Duo Security integrierter Anbieter

Beschreibung

Integrieren Sie Ihren Identitätsanbieter (IDP) über SCIM, um Techniker und Endbenutzer innerhalb von NinjaOne automatisch anzulegen und zu löschen.

Dieser Artikel dient als Ausgangspunkt für die SCIM-Konfiguration mit NinjaOne. Die Konfiguration hängt von Ihrer spezifischen Duo-Einrichtung ab. Wir empfehlen daher, den Abschnitt „Weitere Ressourcen“ zu lesen, um verwandte Prozesse zu finden.

Index

Voraussetzungen und wichtige Hinweise

Bevor Sie mit diesem Verfahren beginnen, stellen Sie sicher, dass Sie Security Assertion Markup Language (SAML) und Single Sign-On (SSO) für Duo in NinjaOne ordnungsgemäß konfiguriert haben. Weitere Informationen finden Sie unter Konfigurieren von NinjaOne SAML in Duo.

Bevor Sie SCIM mit Duo bereitstellen, empfiehlt NinjaOne, mehrere Konfigurationselemente zu überprüfen und zu entscheiden, ob sie in Ihre Bereitstellungseinrichtung aufgenommen werden müssen.

Für jede Kategorie werden Ausgangspunkte und allgemeine Anweisungen angegeben. Mögliche Konfigurationselemente sind:

  • Gruppen: Erforderlich, wenn Sie Gruppen von Duo-Benutzern automatisch bestimmten Benutzerrollen in NinjaOne zuordnen möchten. Weitere Informationen
  • Benutzerattribute erstellen und zuordnen: Erforderlich, wenn Sie Endbenutzer einer bestimmten Organisation zuordnen oder Technikerkonten erstellen müssen. Weitere Informationen
  • Benutzerattribute zuweisen: Dadurch wird sichergestellt, dass jeder Benutzer der richtigen NinjaOne-Organisation (Endbenutzer) zugeordnet ist und über den richtigen Kontotyp (Techniker oder Endbenutzer) verfügt. Weitere Informationen

Gruppen erstellen und verwenden

Sie können Duo-Gruppen verwenden, um Benutzer bestimmten Rollen in NinjaOne zuzuordnen. Wenn Sie keine Gruppen verwenden, müssen Sie den Benutzern in NinjaOne manuell Rollen zuweisen. Weitere Informationen finden Sie unter Benutzerrollen und Berechtigungen.

Wir empfehlen mindestens eine Gruppe für NinjaOne-Endbenutzer und eine Gruppe für Techniker.
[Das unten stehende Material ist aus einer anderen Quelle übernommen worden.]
section \<open>Regular singularity at infinity\<close>

lemma regular_singular_at_infinityE:
  assumes "regular_singular_at_infinity p A"
  obtains r T B where "0 < r"
    "matrix_meromorphic_on (\<lambda>w. T (1 / w)) {0}"
    "matrix_analytic_on (\<lambda>w. T (1 / w)) (ball 0 r - {0})"
    "\<And>w. w \<in> ball 0 r - {0} \<Longrightarrow> det (T (1 / w)) \<noteq> 0"
    "matrix_analytic_on B (ball 0 r)" "\<And>w. w \<in> ball 0 r \<Longrightarrow> det (B w) \<noteq> 0"
    "\<And>w. w \<in> ball 0 r - {0} \<Longrightarrow> B w = matrix_inv (T ((1 / w) ^ p)) ** A (1 / w) ** T (1 / w)"
proof -
  obtain T B where T: "matrix_meromorphic_on (\<lambda>w. T (1 / w)) {0}"
      "\<forall>\<^sub>F w in at 0. det (T (1 / w)) \<noteq> 0"
    and B: "matrix_analytic_on B {0}" "det (B 0) \<noteq> 0"
      "\<forall>\<^sub>F w in at 0. B w = matrix_inv (T ((1 / w) ^ p)) ** A (1 / w) ** T (1 / w)"
    using assms unfolding regular_singular_at_infinity_def matrix_meromorphic_on_def
      matrix_analytic_on_def phi_def Let_def by blast
  have "eventually (\<lambda>w. matrix_analytic_on (\<lambda>w. T (1 / w)) {w} \<and> det (T (1 / w)) \<noteq> 0 \<and>
      matrix_analytic_on B {w} \<and> det (B w) \<noteq> 0 \<and>
      B w = matrix_inv (T ((1 / w) ^ p)) ** A (1 / w) ** T (1 / w)) (at 0)"
    using matrix_meromorphic_on_imp_eventually_analytic[OF T(1)] T(2)
      matrix_meromorphic_on_imp_eventually_analytic[OF matrix_analytic_imp_meromorphic[OF B(1)]]
      analytic_at_neq_imp_eventually_neq[OF matrix_analytic_on_det[OF B(1)] B(2)] B(3)
    by eventually_elim blast
  then obtain r where "0 < r" and r: "\<And>w. w \<in> ball 0 r - {0} \<Longrightarrow>
      matrix_analytic_on (\<lambda>w. T (1 / w)) {w} \<and> det (T (1 / w)) \<noteq> 0 \<and>
      matrix_analytic_on B {w} \<and> det (B w) \<noteq> 0 \<and>
      B w = matrix_inv (T ((1 / w) ^ p)) ** A (1 / w) ** T (1 / w)"
    unfolding eventually_at by (auto simp: dist_commute)
  show ?thesis
  proof (rule that[OF \<open>0 < r\<close> T(1)])
    show "matrix_analytic_on (\<lambda>w. T (1 / w)) (ball 0 r - {0})"
      using r by (subst matrix_analytic_on_analytic_at) blast
    show "matrix_analytic_on B (ball 0 r)"
      using r B(1) by (subst matrix_analytic_on_analytic_at) (metis Diff_iff singletonD)
    show "det (B w) \<noteq> 0" if "w \<in> ball 0 r" for w
      using r[of w] B(2) that by (cases "w = 0") auto
  qed (use r in auto)
qed

lemma regular_singular_solution_near_infinity:
  assumes p: "p \<ge> 2" and "regular_singular_at_infinity p A"
  obtains R F0 C where "R \<ge> 1" "matrix_analytic_on F0 {z. R < norm z}"
    "\<And>z. R < norm z \<Longrightarrow> det (F0 z) \<noteq> 0"
    "\<And>z. R < norm z \<Longrightarrow> A z ** F0 z = F0 (z ^ p) ** C"
    "det C \<noteq> 0" "matrix_meromorphic_on (\<lambda>w. F0 (1 / w)) {0}"
proof -
  obtain r T B where "0 < r" and T: "matrix_meromorphic_on (\<lambda>w. T (1 / w)) {0}"
      "matrix_analytic_on (\<lambda>w. T (1 / w)) (ball 0 r - {0})"
      "\<And>w. w \<in> ball 0 r - {0} \<Longrightarrow> det (T (1 / w)) \<noteq> 0"
    and B: "matrix_analytic_on B (ball 0 r)" "\<And>w. w \<in> ball 0 r \<Longrightarrow> det (B w) \<noteq> 0"
      "\<And>w. w \<in> ball 0 r - {0} \<Longrightarrow> B w = matrix_inv (T ((1 / w) ^ p)) ** A (1 / w) ** T (1 / w)"
    by (rule regular_singular_at_infinityE[OF assms(2)]) blast
  obtain \<rho> G where \<rho>: "0 < \<rho>" "\<rho> \<le> r" "\<rho> \<le> 1" and G: "matrix_analytic_on G (ball 0 \<rho>)"
      "\<And>w. w \<in> ball 0 \<rho> \<Longrightarrow> det (G w) \<noteq> 0"
      "\<And>w. w \<in> ball 0 \<rho> \<Longrightarrow> B w ** G w = G (w ^ p) ** B 0"
    using mahler_local_solution[OF p \<open>0 < r\<close> B(1,2)] by auto
  define F0 where "F0 z = T z ** G (1 / z)" for z
  have F0_inverse: "F0 (1 / w) = T (1 / w) ** G w" for w
    by (simp add: F0_def)
  have punctured: "w \<in> ball 0 r - {0}" "w ^ p \<in> ball 0 \<rho>" "w ^ p \<in> ball 0 r - {0}"
    if "w \<in> ball 0 \<rho> - {0}" for w :: complex
    using that \<rho> power_mem_ball_0[of w \<rho> p] p by auto
  have F0_eq: "A (1 / w) ** F0 (1 / w) = F0 (1 / w ^ p) ** B 0" if "w \<in> ball 0 \<rho> - {0}" for w
  proof -
    have "det (T (1 / w ^ p)) \<noteq> 0"
      using T(3) punctured(3)[OF that] by (simp add: power_one_over)
    moreover have "(matrix_inv (T (1 / w ^ p)) ** A (1 / w) ** T (1 / w)) ** G w = G (w ^ p) ** B 0"
      using G(3)[of w] that unfolding B(3)[OF punctured(1)[OF that]] by (simp add: power_one_over)
    ultimately have "A (1 / w) ** (T (1 / w) ** G w) = (T (1 / w ^ p) ** G (w ^ p)) ** B 0"
      by (rule matrix_gauge_transform)
    then show ?thesis by (simp add: F0_def)
  qed
  show ?thesis
  proof (rule that[of "1 / \<rho>" F0 "B 0"])
    show "1 / \<rho> \<ge> 1" using \<rho> by simp
    have "matrix_analytic_on (\<lambda>w. T (1 / w) ** G w) (ball 0 \<rho> - {0})"
      using \<rho> by (intro matrix_analytic_on_mult matrix_analytic_on_subset[OF T(2)]
          matrix_analytic_on_subset[OF G(1)]) auto
    then show "matrix_analytic_on F0 {z. 1 / \<rho> < norm z}"
      by (intro matrix_analytic_on_exterior \<rho>(1)) (simp add: F0_inverse)
    fix z :: complex assume "1 / \<rho> < norm z"
    then have z: "1 / z \<in> ball 0 \<rho> - {0}"
      using inverse_mem_punctured_ball_iff[OF \<rho>(1)] by blast
    show "det (F0 z) \<noteq> 0"
      using T(3)[of "1 / z"] G(2)[of "1 / z"] z punctured(1)[OF z] by (simp add: F0_def det_mul)
    show "A z ** F0 z = F0 (z ^ p) ** B 0"
      using F0_eq[OF z] by (simp add: power_one_over)
  next
    show "det (B 0) \<noteq> 0" using B(2) \<open>0 < r\<close> by simp
    have "matrix_analytic_on G {0}"
      using G(1) by (rule matrix_analytic_on_subset) (use \<rho> in auto)
    then have "matrix_meromorphic_on (\<lambda>w. T (1 / w) ** G w) {0}"
      by (rule matrix_meromorphic_on_mult[OF T(1) matrix_analytic_imp_meromorphic])
    then show "matrix_meromorphic_on (\<lambda>w. F0 (1 / w)) {0}"
      by (simp add: F0_inverse)
  qed
qed

theorem mainTheorem18:
  fixes p :: nat and A :: "complex \<Rightarrow> complex^'n::finite^'n"
  assumes "p \<ge> 2"
    and "GL_rat A"
    and "regular_singular_at_infinity p A"
  shows "\<exists>(F :: complex \<Rightarrow> complex^'n^'n) (Ainf :: complex^'n^'n).
           (\<forall>i j. (\<lambda>z. F z $ i $ j) meromorphic_on {z. 1 < norm z}) \<and>
           (\<forall>i j. (\<lambda>w. F (1 / w) $ i $ j) meromorphic_on {0}) \<and>
           (\<forall>\<^sub>\<approx>z\<in>{z. 1 < norm z}. det (F z) \<noteq> 0) \<and>
           invertible Ainf \<and>
           (\<forall>\<^sub>\<approx>z\<in>{z. 1 < norm z}. matrix_inv (phi p F z) ** A z ** F z = Ainf)"
proof -
  obtain R F0 C where "R \<ge> 1" "matrix_analytic_on F0 {z. R < norm z}"
    "\<And>z. R < norm z \<Longrightarrow> det (F0 z) \<noteq> 0" "\<And>z. R < norm z \<Longrightarrow> A z ** F0 z = F0 (z ^ p) ** C"
    "det C \<noteq> 0" and F0_infinity: "matrix_meromorphic_on (\<lambda>w. F0 (1 / w)) {0}"
    by (rule regular_singular_solution_near_infinity[OF assms(1,3)]) blast
  moreover have "matrix_meromorphic_on A UNIV" "\<forall>\<^sub>\<approx>z. det (A z) \<noteq> 0"
    using assms(2) unfolding GL_rat_def matrix_meromorphic_on_def
    by (auto intro: rational_fun_meromorphic)
  ultimately interpret mahler_extension p R A F0 C
    using assms(1) by unfold_locales
  show ?thesis
  proof (intro exI conjI)
    show "\<forall>i j. (\<lambda>z. F z $ i $ j) meromorphic_on {z. 1 < norm z}"
      using F_meromorphic unfolding matrix_meromorphic_on_def .
    show "\<forall>i j. (\<lambda>w. F (1 / w) $ i $ j) meromorphic_on {0}"
      using F_meromorphic_at_infinity[OF F0_infinity] unfolding matrix_meromorphic_on_def .
    show "invertible C" using C_det by (simp add: invertible_det_nz)
  qed (fact eventually_det_F_nonzero eventually_F_solves)+
qed

end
Um eine neue Duo-Gruppe zu erstellen, führen Sie die folgenden Schritte aus:

  1. Melden Sie sich beim Duo-Admin-Panel (extern) an.
  2. Navigieren Sie zu „Benutzer“„Gruppen“ und klicken Sie auf „Gruppe hinzufügen“.
  3. Geben Sie einen Namen für Ihre neue Gruppe in das Feld Gruppenname ein.
  4. Klicken Sie auf „Gruppe hinzufügen“, um die Gruppe zu speichern. Weisen Sie der Gruppe je nach Bedarf den Status „Aktiv“ (empfohlen) oder „Umgehen“ zu.
  5. Klicken Sie auf „+ Benutzer zur Gruppe hinzufügen “ und fügen Sie die gewünschten Benutzer hinzu.
  6. Wiederholen Sie den Vorgang nach Bedarf.
Duo groups.png
Abbildung 1: Beispiel für Gruppen in Duo

Benutzerattribute erstellen und zuordnen

Bevor Sie SCIM mit Duo bereitstellen, empfehlen wir Ihnen, die folgenden Anwendungsfälle zu berücksichtigen und die entsprechenden Attribute nach Bedarf zu erstellen. Diese benutzerdefinierten Benutzerattribute werden später während des SCIM-Einrichtungsprozesses den NinjaOne-Attributen zugeordnet.

Sie können diese Attribute auch aus Ihrem externen Verzeichnis (extern) hinzufügen und importieren, wenn dieses mit Duo synchronisiert ist.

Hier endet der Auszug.